Your output should be the lines of the data that follow, reproduced exactly from the first through the line bearing "by (rule marginal_conv_sum_superset) (use fin".

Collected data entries

- - -

lemma marginal_marginal:
  assumes fin: "finite (supp T)" and "Z \<subseteq> Y"
  shows "marginal (marginal T Y) Z = marginal T Z"
proof
  fix v
  let ?f = "\<lambda>r. restrict r Y"
  have rr: "restrict (restrict r Y) Z = restrict r Z" for r :: "'a \<Rightarrow> 'b"
    using \<open>Z \<subseteq> Y\<close> by (intro ext) (auto simp: restrict_def)
  have "marginal (marginal T Y) Z v = (\<Sum>u\<in>{u\<in>?f ` supp T. restrict u Z = v}. marginal T Y u)"
    by (rule marginal_conv_sum_superset) (use fin supp_marginal_subset in auto)
  also have "\<dots> = (\<Sum>u\<in>{u\<in>?f ` supp T. restrict u Z = v}.
                     sum T {r. r \<in> {r\<in>supp T. restrict r Z = v} \<and> ?f r = u})"
  proof (rule sum.cong[OF refl])
    fix u assume "u \<in> {u\<in>?f ` supp T. restrict u Z = v}"
    then have "{r. r \<in> {r\<in>supp T. restrict r Z = v} \<and> ?f r = u} = {r\<in>supp T. ?f r = u}"
      using rr by auto (metis rr)+
    then show "marginal T Y u = sum T {r. r \<in> {r\<in>supp T. restrict r Z = v} \<and> ?f r = u}"
      unfolding marginal_def by simp
  qed
  also have "\<dots> = marginal T Z v"
    unfolding marginal_def by (rule sum.group) (use fin rr in auto)
  finally show "marginal (marginal T Y) Z v = marginal T Z v" .
qed

lemma marginal_mult_left:
  fixes R :: "('a \<Rightarrow> 'v) \<Rightarrow> 'k::comm_semiring_1"
  assumes "finite (supp R)"
  shows "marginal (\<lambda>t. a * R t) Y u = a * marginal R Y u"
proof -
  have "marginal (\<lambda>t. a * R t) Y u = (\<Sum>r\<in>{r\<in>supp R. restrict r Y = u}. a * R r)"
    by (rule marginal_conv_sum_superset) (use assms in \<open>auto simp: supp_def\<close>)
  then show ?thesis by (simp add: marginal_def sum_distrib_left)
qed

lemma krel_equiv_marginal:
  fixes R S :: "('a \<Rightarrow> 'v) \<Rightarrow> 'k::comm_semiring_1"
  assumes "finite (supp R)" "finite (supp S)" "krel_equiv R S"
  shows "krel_equiv (marginal R Y) (marginal S Y)"
proof -
  obtain a b where ab: "a \<noteq> 0" "b \<noteq> 0" "(\<lambda>t. a * R t) = (\<lambda>t. b * S t)"
    using assms(3) unfolding krel_equiv_def by auto
  then have "a * marginal R Y u = b * marginal S Y u" for u
    using marginal_mult_left[OF assms(1), of a Y u] marginal_mult_left[OF assms(2), of b Y u] by simp
  then show ?thesis using ab unfolding krel_equiv_def by blast
qed

lemma marginal_full:
  assumes "is_krel Dom X T"
  shows "marginal T X = T"
proof
  fix u
  have "{r\<in>supp T. restrict r X = u} = {r\<in>supp T. r = u}"
    using assms by (auto simp: is_krel_def Tup_def PiE_def extensional_restrict)
  also have "\<dots> = (if T u = 0 then {} else {u})" by (auto simp: supp_def)
  finally show "marginal T X u = T u" unfolding marginal_def by auto
qed

lemma consistent_commute: "consistent Dom X R Y S \<Longrightarrow> consistent Dom Y S X R"
  unfolding consistent_def by (simp add: sup_commute) blast

subsection \<open>Positivity\<close>

lemma sum_neq_zero_positive:
  fixes f :: "'b \<Rightarrow> 'k::comm_semiring_1"
  assumes "positive_semiring TYPE('k)"
  shows "finite A \<Longrightarrow> A \<noteq> {} \<Longrightarrow> \<forall>x\<in>A. f x \<noteq> 0 \<Longrightarrow> sum f A \<noteq> 0"
proof (induction A rule: finite_ne_induct)
  case (insert x F)
  have "f x + sum f F \<noteq> 0"
    using assms insert.prems unfolding positive_semiring_def by blast
  then show ?case using insert.hyps by simp
qed simp

lemma marginal_restrict_neq_zero:
  fixes T :: "('a \<Rightarrow> 'v) \<Rightarrow> 'k::comm_semiring_1"
  assumes "positive_semiring TYPE('k)" "finite (supp T)" "r \<in> supp T"
  shows "marginal T Z (restrict r Z) \<noteq> 0"
  unfolding marginal_def
  by (rule sum_neq_zero_positive[OF assms(1)]) (use assms in \<open>auto simp: supp_def\<close>)

lemma krel_equiv_supp_empty_iff:
  fixes R S :: "('a \<Rightarrow> 'v) \<Rightarrow> 'k::comm_semiring_1"
  assumes "positive_semiring TYPE('k)" "krel_equiv R S"
  shows "supp R = {} \<longleftrightarrow> supp S = {}"
proof -
  obtain a b where "a \<noteq> 0" "b \<noteq> 0" "\<forall>t. a * R t = b * S t"
    using assms(2) unfolding krel_equiv_def by blast
  then have "R t = 0 \<longleftrightarrow> S t = 0" for t
    using assms(1) unfolding positive_semiring_def by (metis mult_zero_right)
  then show ?thesis unfolding supp_def by blast
qed

lemma consistent_supp_empty:
  fixes R S :: "('a \<Rightarrow> 'v) \<Rightarrow> 'k::comm_semiring_1"
  assumes pos: "positive_semiring TYPE('k)" and "consistent Dom X R Y S" "supp R = {}"
  shows "supp S = {}"
proof -
  obtain T where T: "finite (supp T)" "krel_equiv R (marginal T X)" "krel_equiv S (marginal T Y)"
    using assms(2) unfolding consistent_def is_krel_def by blast
  have "supp (marginal T X) = {}"
    using krel_equiv_supp_empty_iff[OF pos T(2)] \<open>supp R = {}\<close> by simp
  then have "supp T = {}"
    using marginal_restrict_neq_zero[OF pos T(1)] unfolding supp_def by blast
  then have "supp (marginal T Y) = {}"
    unfolding supp_def marginal_def by simp
  then show ?thesis using krel_equiv_supp_empty_iff[OF pos T(3)] by simp
qed

lemma globally_consistent_zero:
  fixes Rs :: "'a set \<Rightarrow> ('a \<Rightarrow> 'v) \<Rightarrow> 'k::comm_semiring_1"
  assumes "\<forall>X\<in>E. supp (Rs X) = {}"
  shows "globally_consistent Dom E Rs"
proof -
  have "krel_equiv (Rs X) (marginal (\<lambda>_. 0) X)" if "X \<in> E" for X
  proof -
    have "Rs X = marginal (\<lambda>_. 0::'k) X"
      using assms that by (auto simp: supp_def marginal_def)
    then show ?thesis using krel_equiv_refl by metis
  qed
  moreover have "is_krel Dom (\<Union>E) (\<lambda>_. 0::'k)" by (simp add: is_krel_def supp_def)
  ultimately show ?thesis unfolding globally_consistent_def by blast
qed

- - -

== Completed task ==
lemma marginal_marginal:
  assumes fin: "finite (supp T)" and "Z \<subseteq> Y"
  shows "marginal (marginal T Y) Z = marginal T Z"
proof
  fix v
  let ?f = "\<lambda>r. restrict r Y"
  have rr: "restrict (restrict r Y) Z = restrict r Z" for r :: "'a \<Rightarrow> 'b"
    using \<open>Z \<subseteq> Y\<close> by (intro ext) (auto simp: restrict_def)
  have "marginal (marginal T Y) Z v = (\<Sum>u\<in>{u\<in>?f ` supp T. restrict u Z = v}. marginal T Y u)"
    by (rule marginal_conv_sum_superset) (use fin supp_marginal_subset in auto)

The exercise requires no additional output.